Artikel drucken Artikel einbetten
Sandra Welsch ist die neue Ortssprecherin für die Eberner Stadtteile Eyrichshof, Kurzewind und Siegelfeld. Hier gratuliert ihr Bürgermeister Jürgen Hennemann zur Wahl. Foto: Helmut Will
Sandra Welsch ist die neue Ortssprecherin für die Eberner Stadtteile Eyrichshof, Kurzewind und Siegelfeld. Hier gratuliert ihr Bürgermeister Jürgen Hennemann zur Wahl. Foto: Helmut Will

Hauptpunkt bei der Bürgerversammlung am Donnerstagabend im Stadtteil Eyrichshof war die Wahl eines Ortsvertreters im Stadtrat von Ebern. Sandra Welsch aus Siegelfeld wurde von den 31 Wahlberechtigten für die Stadtteile Eyrichshof, Kurzewind und Siegelfeld mit 25 Stimmen zur Ortssprecherin gewählt.

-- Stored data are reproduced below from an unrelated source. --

lemma m_equicontinuity_pointI:
  assumes "x \<in> X"
    and "\<And>\<epsilon>. \<epsilon> > 0 \<Longrightarrow> \<exists>W. openin (top_of_set X) W \<and> x \<in> W \<and> m_collapsing m act \<epsilon> W"
  shows "m_equicontinuity_point m act X x"
  unfolding m_equicontinuity_point_def
proof (intro conjI allI impI)
  fix \<epsilon> :: real
  assume "\<epsilon> > 0"
  then obtain W where W: "openin (top_of_set X) W" "x \<in> W" "m_collapsing m act \<epsilon> W"
    using assms(2) by blast
  then obtain \<delta> where "\<delta> > 0" and ball_W: "ball x \<delta> \<inter> X \<subseteq> W"
    by (meson openin_contains_ball)
  have "\<exists>i<m. \<exists>j<m. i \<noteq> j \<and> dist (act g (xs i)) (act g (xs j)) < \<epsilon>"
    if xs: "\<forall>i<m. xs i \<in> ball x \<delta> \<inter> X" for xs g
  proof (cases "inj_on xs {..<m}")
    case True
    moreover have "xs ` {..<m} \<subseteq> W" using xs ball_W by auto
    ultimately show ?thesis using W(3) unfolding m_collapsing_def by blast
  next
    case False
    then obtain i j where "i < m" "j < m" "i \<noteq> j" "xs i = xs j"
      unfolding inj_on_def by auto
    then show ?thesis using \<open>\<epsilon> > 0\<close> by force
  qed
  with \<open>\<delta> > 0\<close> show "\<exists>\<delta>>0. \<forall>xs. (\<forall>i<m. xs i \<in> ball x \<delta> \<inter> X) \<longrightarrow>
      (\<forall>g. \<exists>i<m. \<exists>j<m. i \<noteq> j \<and> dist (act g (xs i)) (act g (xs j)) < \<epsilon>)"
    by blast
qed (use assms(1) in simp)

lemma m_sensitive_imp_E_m_empty:
  assumes "m_sensitive m act X"
  shows "E_m m act X = {}"
proof (rule ccontr)
  assume "E_m m act X \<noteq> {}"
  then obtain x where x: "m_equicontinuity_point m act X x"
    by (auto simp: E_m_def)
  obtain \<epsilon> where "\<epsilon> > 0"
    and no_collapsing: "\<And>U. openin (top_of_set X) U \<Longrightarrow> U \<noteq> {} \<Longrightarrow> \<not> m_collapsing m act \<epsilon> U"
    using assms by (auto simp: m_sensitive_iff_no_collapsing)
  obtain \<delta> where "\<delta> > 0" "m_collapsing m act \<epsilon> (ball x \<delta> \<inter> X)"
    using m_equicontinuity_point_imp_collapsing_ball[OF x \<open>\<epsilon> > 0\<close>] .
  moreover have "x \<in> ball x \<delta> \<inter> X"
    using x \<open>\<delta> > 0\<close> by (simp add: m_equicontinuity_point_def)
  moreover have "openin (top_of_set X) (ball x \<delta> \<inter> X)"
    using openin_open_Int[of "ball x \<delta>" X] by (simp add: Int_commute)
  ultimately show False
    using no_collapsing[of "ball x \<delta> \<inter> X"] by blast
qed

lemma compact_residual_nonempty:
  fixes X :: "'x::metric_space set"
  assumes "compact X" "X \<noteq> {}" "residual_in E X"
  shows "E \<noteq> {}"
proof -
  obtain \<F> where \<F>: "countable \<F>" "\<forall>U\<in>\<F>. openin (top_of_set X) U \<and> X \<subseteq> closure U"
    and "X \<inter> \<Inter>\<F> \<subseteq> E"
    using assms(3) by (auto simp: residual_in_def)
  have "top_of_set X closure_of \<Inter>\<F> = topspace (top_of_set X)"
  proof (rule Baire_category)
    show "completely_metrizable_space (top_of_set X) \<or>
        locally_compact_space (top_of_set X) \<and> regular_space (top_of_set X)"
      using assms(1)
      by (simp add: compact_imp_locally_compact_space compact_space_subtopology
          regular_space_subtopology regular_space_euclidean)
    fix T
    assume "T \<in> \<F>"
    then have "openin (top_of_set X) T" "X \<subseteq> closure T" using \<F>(2) by auto
    moreover have "T \<subseteq> X" using \<open>openin (top_of_set X) T\<close> by (rule openin_imp_subset)
    ultimately show "openin (top_of_set X) T \<and> top_of_set X closure_of T = topspace (top_of_set X)"
      by (auto simp: closure_of_subtopology Int_absorb1 closure_subset)
  qed (fact \<F>(1))
  then have "X \<inter> \<Inter>\<F> \<noteq> {}"
    using assms(2) by (auto simp: closure_of_subtopology)
  with \<open>X \<inter> \<Inter>\<F> \<subseteq> E\<close> show ?thesis by blast
qed

lemma continuous_action_continuous_on:
  assumes "continuous_action act X"
  shows "continuous_on X (act g)"
proof -
  have "continuous_on (UNIV \<times> X) (\<lambda>p. act (fst p) (snd p))"
    using assms by (simp add: continuous_action_def)
  then have "continuous_on ((\<lambda>x. (g, x)) ` X) (\<lambda>p. act (fst p) (snd p))"
    by (rule continuous_on_subset) auto
  then have "continuous_on X ((\<lambda>p. act (fst p) (snd p)) \<circ> (\<lambda>x. (g, x)))"
    by (intro continuous_on_compose continuous_intros)
  then show ?thesis by (simp add: o_def)
qed

lemma group_actionD:
  assumes "group_action act X" "x \<in> X"
  shows "act g x \<in> X" "act 0 x = x" "act (g + h) x = act g (act h x)"
  using assms by (auto simp: group_action_def)

lemma group_action_neg_cancel:
  assumes "group_action act X" "x \<in> X"
  shows "act (- g) (act g x) = x"
  using group_actionD(2)[OF assms] group_actionD(3)[OF assms, of "- g" g] by simp

lemma m_collapsing_preimage:
  fixes act :: "'g::group_add \<Rightarrow> 'x::metric_space \<Rightarrow> 'x"
  assumes "group_action act X" "m_collapsing m act \<epsilon> U"
  shows "m_collapsing m act \<epsilon> (X \<inter> act g -` U)"
  unfolding m_collapsing_def
proof (intro allI impI)
  fix xs :: "nat \<Rightarrow> 'x" and h
  assume xs: "inj_on xs {..<m} \<and> xs ` {..<m} \<subseteq> X \<inter> act g -` U"
  then have xs_X: "xs i \<in> X" if "i < m" for i using that by auto
  have "inj_on (act g \<circ> xs) {..<m}"
    using xs group_action_neg_cancel[OF assms(1) xs_X]
    unfolding inj_on_def by (metis comp_apply lessThan_iff)
  moreover have "(act g \<circ> xs) ` {..<m} \<subseteq> U" using xs by auto
  \<comment> \<open>apply the collapsing property of \<open>U\<close> to the element \<open>h - g\<close>\<close>
  ultimately obtain i j where ij: "i < m" "j < m" "i \<noteq> j"
    "dist (act (h + - g) (act g (xs i))) (act (h + - g) (act g (xs j))) < \<epsilon>"
    using assms(2) unfolding m_collapsing_def by (metis comp_apply)
  have "act (h + - g) (act g (xs k)) = act h (xs k)" if "k < m" for k
    using group_actionD(3)[OF assms(1) group_actionD(1)[OF assms(1) xs_X[OF that]], of h "- g"]
      group_action_neg_cancel[OF assms(1) xs_X[OF that]]
    by simp
  with ij show "\<exists>i<m. \<exists>j<m. i \<noteq> j \<and> dist (act h (xs i)) (act h (xs j)) < \<epsilon>"
    by metis
qed

definition collapsing_part :: "nat \<Rightarrow> ('g \<Rightarrow> 'x::metric_space \<Rightarrow> 'x) \<Rightarrow> 'x set \<Rightarrow> real \<Rightarrow> 'x set" where
  "collapsing_part m act X \<epsilon> = \<Union>{W. openin (top_of_set X) W \<and> m_collapsing m act \<epsilon> W}"

lemma openin_collapsing_part: "openin (top_of_set X) (collapsing_part m act X \<epsilon>)"
  unfolding collapsing_part_def by (rule openin_Union) simp

lemma dense_collapsing_part:
  assumes "continuous_action act X" "transitive_action act X"
    and "openin (top_of_set X) U" "U \<noteq> {}" "m_collapsing m act \<epsilon> U"
  shows "X \<subseteq> closure (collapsing_part m act X \<epsilon>)"
proof
  fix x
  assume "x \<in> X"
  have "\<exists>y\<in>collapsing_part m act X \<epsilon>. dist y x < e" if "e > 0" for e
  proof -
    have V: "openin (top_of_set X) (ball x e \<inter> X)" "ball x e \<inter> X \<noteq> {}"
      using openin_open_Int[of "ball x e" X] \<open>x \<in> X\<close> \<open>e > 0\<close> by (auto simp: Int_commute)
    obtain g u where "u \<in> U" "act g u \<in> ball x e \<inter> X"
      using assms(2-4) V unfolding transitive_action_def by blast
    have ga: "group_action act X"
      using assms(1) by (simp add: continuous_action_def)
    have "openin (top_of_set X) (X \<inter> act (- g) -` U)"
      using continuous_openin_preimage[OF continuous_action_continuous_on[OF assms(1)] _ assms(3)]
        ga by (auto simp: group_action_def)
    moreover have "m_collapsing m act \<epsilon> (X \<inter> act (- g) -` U)"
      using m_collapsing_preimage[OF ga assms(5)] .
    moreover have "act g u \<in> X \<inter> act (- g) -` U"
      using \<open>u \<in> U\<close> \<open>act g u \<in> ball x e \<inter> X\<close> openin_imp_subset[OF assms(3)]
        group_action_neg_cancel[OF ga]
      by auto
    ultimately have "act g u \<in> collapsing_part m act X \<epsilon>"
      unfolding collapsing_part_def by blast
    with \<open>act g u \<in> ball x e \<inter> X\<close> show ?thesis by (auto simp: dist_commute)
  qed
  then show "x \<in> closure (collapsing_part m act X \<epsilon>)"
    by (simp add: closure_approachable)
qed
(* Let $f$ be a $C^1$ function on $(0,\infty)$ with $f>0$ and $f(1)=1$, and set $\alpha:=f'(1)$. Then for all bounded positive invertible operators $A,B$ on a Hilbert space, $$\lim_{p\to0}P_f(A^p,B^p)^{1/p}=\exp(\alpha\log A+(1-\alpha)\log B)$$ in operator norm.
   Context: $P_f(A,B):=B^{1/2}f(B^{-1/2}AB^{-1/2})B^{1/2}$ for positive invertible $A,B$. The limit is taken as $p\to0$ with $p\neq0$ (both signs). *)

theory Defs
  imports "HOL-Analysis.Analysis" "HOL-Computational_Algebra.Polynomial"
begin

text \<open>Bounded operators on a (real) Hilbert space are elements of the blinfun type.\<close>

definition op_pow :: "('a::real_normed_vector \<Rightarrow>\<^sub>L 'a) \<Rightarrow> nat \<Rightarrow> ('a \<Rightarrow>\<^sub>L 'a)" where
  "op_pow A n = ((\<lambda>T. A o\<^sub>L T) ^^ n) id_blinfun"

definition op_invertible :: "('a::real_normed_vector \<Rightarrow>\<^sub>L 'a) \<Rightarrow> bool" where
  "op_invertible A \<longleftrightarrow> (\<exists>B. A o\<^sub>L B = id_blinfun \<and> B o\<^sub>L A = id_blinfun)"

definition self_adjoint :: "('a::real_inner \<Rightarrow>\<^sub>L 'a) \<Rightarrow> bool" where
  "self_adjoint A \<longleftrightarrow> (\<forall>x y. inner (A x) y = inner x (A y))"

definition positive_op :: "('a::real_inner \<Rightarrow>\<^sub>L 'a) \<Rightarrow> bool" where
  "positive_op A \<longleftrightarrow> self_adjoint A \<and> (\<forall>x. inner (A x) x \<ge> 0)"

definition op_spectrum :: "('a::real_normed_vector \<Rightarrow>\<^sub>L 'a) \<Rightarrow> real set" where
  "op_spectrum A = {c. \<not> op_invertible (A - c *\<^sub>R id_blinfun)}"

definition poly_op :: "real poly \<Rightarrow> ('a::real_normed_vector \<Rightarrow>\<^sub>L 'a) \<Rightarrow> ('a \<Rightarrow>\<^sub>L 'a)" where
  "poly_op p A = (\<Sum>i\<le>degree p. coeff p i *\<^sub>R op_pow A i)"

text \<open>Continuous functional calculus for self-adjoint operators: f(A) is the norm limit of
  p_n(A) for any sequence of real polynomials p_n converging to f uniformly on the spectrum of A
  (Weierstrass).\<close>
definition cfc :: "(real \<Rightarrow> real) \<Rightarrow> ('a::{real_inner,complete_space} \<Rightarrow>\<^sub>L 'a) \<Rightarrow> ('a \<Rightarrow>\<^sub>L 'a)" where
  "cfc f A = (THE T. \<forall>p :: nat \<Rightarrow> real poly.
      (\<forall>e>0. \<forall>\<^sub>F n in sequentially. \<forall>t\<in>op_spectrum A. \<bar>poly (p n) t - f t\<bar> < e)
      \<longrightarrow> (\<lambda>n. poly_op (p n) A) \<longlonglongrightarrow> T)"
lemma continuous_on_phi_slice: "z \<noteq> 0 \<Longrightarrow> continuous_on UNIV (\<phi> z)"
  by (intro continuous_at_imp_continuous_on ballI has_derivative_continuous[OF has_derivative_Dx])

lemma Dx_mult:
  assumes "z \<noteq> 0" "w \<noteq> 0"
  shows "Dx (z * w) x = Dx z (\<phi> w x) o\<^sub>L Dx w x"
proof -
  have "(\<phi> z \<circ> \<phi> w has_derivative (Dx z (\<phi> w x) \<circ> Dx w x)) (at x)"
    using assms by (intro diff_chain_at has_derivative_Dx)
  moreover have "\<phi> z \<circ> \<phi> w = \<phi> (z * w)" using assms by (simp add: fun_eq_iff phi_mult)
  ultimately have "(\<phi> (z * w) has_derivative (Dx z (\<phi> w x) \<circ> Dx w x)) (at x)" by simp
  moreover have "(\<phi> (z * w) has_derivative Dx (z * w) x) (at x)"
    using assms by (simp add: has_derivative_Dx)
  ultimately have "blinfun_apply (Dx (z * w) x) = Dx z (\<phi> w x) \<circ> Dx w x"
    by (rule has_derivative_unique[rotated])
  then show ?thesis by (intro blinfun_eqI) (simp add: fun_eq_iff)
qed

lemma Dx_one: "Dx 1 x = id_blinfun"
proof -
  have "\<phi> 1 = id" by (simp add: fun_eq_iff)
  then have "(\<phi> 1 has_derivative id) (at x)" by (simp add: has_derivative_id)
  then have "blinfun_apply (Dx 1 x) = id"
    using has_derivative_Dx[of 1 x] by (intro has_derivative_unique) simp_all
  then show ?thesis by (intro blinfun_eqI) simp
qed

lemma Dx_eq_integral:
  assumes z: "z \<noteq> 0"
  shows "Dx z x v = integral {0..1} (\<lambda>\<theta>. (1 / cis2pi \<theta>) *s \<phi> z (x + cis2pi \<theta> *s v))"
proof -
  have line: "((\<lambda>t. x + t *s v) has_derivative (\<lambda>a. a *s v)) (at t)" for t
    using bounded_linear_imp_has_derivative[OF bounded_linear_vector_scalar_mult_left]
    by (auto intro!: derivative_eq_intros)
  have "((\<lambda>t. \<phi> z (x + t *s v)) has_derivative (\<lambda>a. a *s Dx z (x + t *s v) v)) (at t)" for t
    using diff_chain_at[OF line has_derivative_Dx[OF z]] by (simp add: o_def Dx_smult[OF z])
  from Cauchy_deriv_integral_cis2pi_vec[where c=0 and r=1, OF open_UNIV subset_UNIV zero_less_one this]
  show ?thesis by simp
qed

lemma Dz_eq_integral:
  assumes z: "z \<noteq> 0" and r: "0 < r" "r < norm z"
  shows "Dz z x = integral {0..1} (\<lambda>\<theta>. (1 / (r * cis2pi \<theta>)) *s \<phi> (z + r * cis2pi \<theta>) x)"
proof -
  have "cball z r \<subseteq> - {0}" using r by (auto simp: dist_norm)
  from Cauchy_deriv_integral_cis2pi_vec[OF _ this r(1) has_derivative_Dz]
  show ?thesis by auto
qed

lemma continuous_on_Dx: "continuous_on ((- {0}) \<times> UNIV) (\<lambda>(z, x). Dx z x)"
proof (rule continuous_on_blinfun_componentwise)
  fix v
  have "continuous_on (((- {0}) \<times> UNIV) \<times> cbox 0 1)
      (\<lambda>((z, x), \<theta>). (1 / cis2pi \<theta>) *s \<phi> z (x + cis2pi \<theta> *s v))"
    unfolding case_prod_beta by (intro continuous_intros continuous_on_phi_compose) auto
  from integral_continuous_on_param[OF this]
  show "continuous_on ((- {0}) \<times> UNIV) (\<lambda>q. blinfun_apply (case q of (z, x) \<Rightarrow> Dx z x) v)"
    by (rule continuous_on_eq) (simp add: case_prod_beta mem_Times_iff Dx_eq_integral)
qed

lemma continuous_on_Dx_compose:
  assumes "continuous_on S f" "continuous_on S g" "\<And>s. s \<in> S \<Longrightarrow> f s \<noteq> 0"
  shows "continuous_on S (\<lambda>s. Dx (f s) (g s))"
proof -
  have "continuous_on S ((\<lambda>(z, x). Dx z x) \<circ> (\<lambda>s. (f s, g s)))"
    by (rule continuous_on_compose[OF continuous_on_Pair[OF assms(1,2)]],
        rule continuous_on_subset[OF continuous_on_Dx]) (use assms(3) in auto)
  then show ?thesis by (simp add: o_def)
qed

lemma continuous_on_Dz: "continuous_on ((- {0}) \<times> UNIV) (\<lambda>(z, x). Dz z x)"
proof (rule continuous_at_imp_continuous_on, rule ballI)
  fix q0 :: "complex \<times> (complex^'n)" assume "q0 \<in> (- {0}) \<times> UNIV"
  then obtain z0 x0 where q0: "q0 = (z0, x0)" "z0 \<noteq> 0" by auto
  define r where "r = norm z0 / 2" \<comment> \<open>one radius serves every z near z0\<close>
  define N where "N = ball z0 r \<times> (UNIV :: (complex^'n) set)"
  have r: "r > 0" using q0 by (simp add: r_def)
  have far: "r < norm z" if "z \<in> ball z0 r" for z
    using that norm_triangle_sub[of z0 z] by (simp add: r_def dist_norm)
  have "continuous_on (N \<times> cbox 0 1)
      (\<lambda>((z, x), \<theta>). (1 / (r * cis2pi \<theta>)) *s \<phi> (z + r * cis2pi \<theta>) x)"
  proof -
    have "z + r * cis2pi \<theta> \<noteq> 0" if "z \<in> ball z0 r" for z \<theta>
    proof
      assume "z + r * cis2pi \<theta> = 0"
      then have "norm z = r" using r by (simp add: add_eq_0_iff2 norm_mult)
      then show False using far[OF that] by simp
    qed
    then show ?thesis unfolding case_prod_beta N_def using r
      by (intro continuous_intros continuous_on_phi_compose) auto
  qed
  from integral_continuous_on_param[OF this]
  have "continuous_on N (\<lambda>(z, x). Dz z x)"
  proof (rule continuous_on_eq, clarify)
    fix z x assume "(z, x) \<in> N"
    then have "z \<in> ball z0 r" by (simp add: N_def)
    then have "r < norm z" by (rule far)
    moreover from this have "z \<noteq> 0" using r by auto
    ultimately show "integral (cbox 0 1)
        (\<lambda>\<theta>. (1 / (r * cis2pi \<theta>)) *s \<phi> (z + r * cis2pi \<theta>) x) = Dz z x"
      using r by (simp add: Dz_eq_integral)
  qed
  moreover have "open N" "q0 \<in> N" using r by (auto simp: N_def q0 open_Times)
  ultimately show "isCont (\<lambda>(z, x). Dz z x) q0"
    using continuous_on_eq_continuous_at by blast
qed

end

section \<open>The averaged linearizing map\<close>

locale Cstar_action_fixed_point = holomorphic_Cstar_action \<phi>
  for \<phi> :: "complex \<Rightarrow> complex^'n \<Rightarrow> complex^'n" +
  fixes p :: "complex^'n"
  assumes fixed_point: "z \<noteq> 0 \<Longrightarrow> \<phi> z p = p"
begin

definition lin :: "complex \<Rightarrow> (complex^'n) \<Rightarrow>\<^sub>L (complex^'n)" where
  "lin z = Dx z p"

lemma has_derivative_lin: "z \<noteq> 0 \<Longrightarrow> (\<phi> z has_derivative lin z) (at p)"
  unfolding lin_def by (rule has_derivative_Dx)

lemma lin_mult: "z \<noteq> 0 \<Longrightarrow> w \<noteq> 0 \<Longrightarrow> lin (z * w) = lin z o\<^sub>L lin w"
  unfolding lin_def by (simp add: Dx_mult fixed_point)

"Verursacher dieser Wahl ist der bisherige Stadtrat Rainer Kaffer", sagte Bürgermeister Jürgen Hennemann (SPD) zu Beginn der Versammlung. Da Kaffer aus Eyrichshof weggezogen ist, konnte ein Ortssprecher oder eine Ortssprecherin gewählt werden. Dies wünschten insgesamt 94 Bürger aus den drei Ortsteilen per Unterschriften.

Kein Mitbewerber

Bürgermeister Hennemann erläuterte, dass Ortschaften, die 1952 noch selbstständige Gemeinden waren, das Recht auf einen Stadtteilevertreter haben. Die Wahl war geheim durchzuführen. Der Bürgermeister sowie die Stadträte Dieter Gerstenkorn (CSU) und Thomas Limpert (FW) fungierten als Wahlausschuss.

Als Ortssprecherin wurde Sandra Welsch vorgeschlagen. Mitbewerber gab es nicht. 25 Stimmen entfielen auf Sandra Welsch, drei Stimmen waren ungültig und drei stimmten mit Nein. Bürgermeister Hennemann gratulierte der neuen Ortssprecherin und bot ihr eine gute Zusammenarbeit an.

Lob für die Feuerwehr Eyrichshof

Anschließend ging der Bürgermeister auf den Kanal- und Straßenbau in Kurzewind ein, der nun abgeschlossen sei.

Eyrichshof wird ein Löschfahrzeug erhalten. Lob sprach Hennemann an die Feuerwehr und den Feuerwehrverein von Eyrichshof aus, die einen Garagenanbau realisierten und einen Mannschaftstransportbus anschafften. "Es ist eine tolle Truppe hier in Eyrichshof, das freut mich", sagte der Bürgermeister. Weiter sprach er die gelungene Spielplatzverlegung und Neugestaltung des Spielplatzes an, der sich sehen lassen könne.

Jürgen Hennemann erläuterte, warum der Hambach und die Strecke nach Landsbach gleichzeitig gebaut beziehungsweise gesperrt werden mussten, was zur Folge hatte, dass Eyrichshof und Kurzewind, während der Hambach gesperrt war, mit einem deutlich erhöhten Verkehrsaufkommen konfrontiert waren. Für Eyrichshof wird die Geschwindigkeit, aus Richtung Kurzewind kommend, auf 30 km/h beschränkt bleiben, wie der Bauausschuss am Tag zuvor beschlossen hatte. Da Beschwerden vorhanden sind, dass in der Julius-Allee zwischen Specke und Eyrichshof zu schnell gefahren werde, soll dort die Geschwindigkeitsmessanlage aufgestellt werden, um die Kraftfahrer auf ihr Fahrverhalten aufmerksam zu machen.

"Strafzettel" drohen

Probleme gebe es in der Specke an der Ortsausfahrt in Richtung B 279, da dort durch parkende Fahrzeuge die Sicht zur Linkskurve hin stark eingeschränkt sei, wie Hennemann mitteilte. Die Polizei habe bereits mit den betreffenden Fahrzeugführern Kontakt aufgenommen, und künftig würden "Strafzettel" ausgestellt, wenn gegen die Parkregelung verstoßen wird. "Notfalls muss im betreffenden Bereich ein Halteverbot angeordnet werden", sagte der Bürgermeister.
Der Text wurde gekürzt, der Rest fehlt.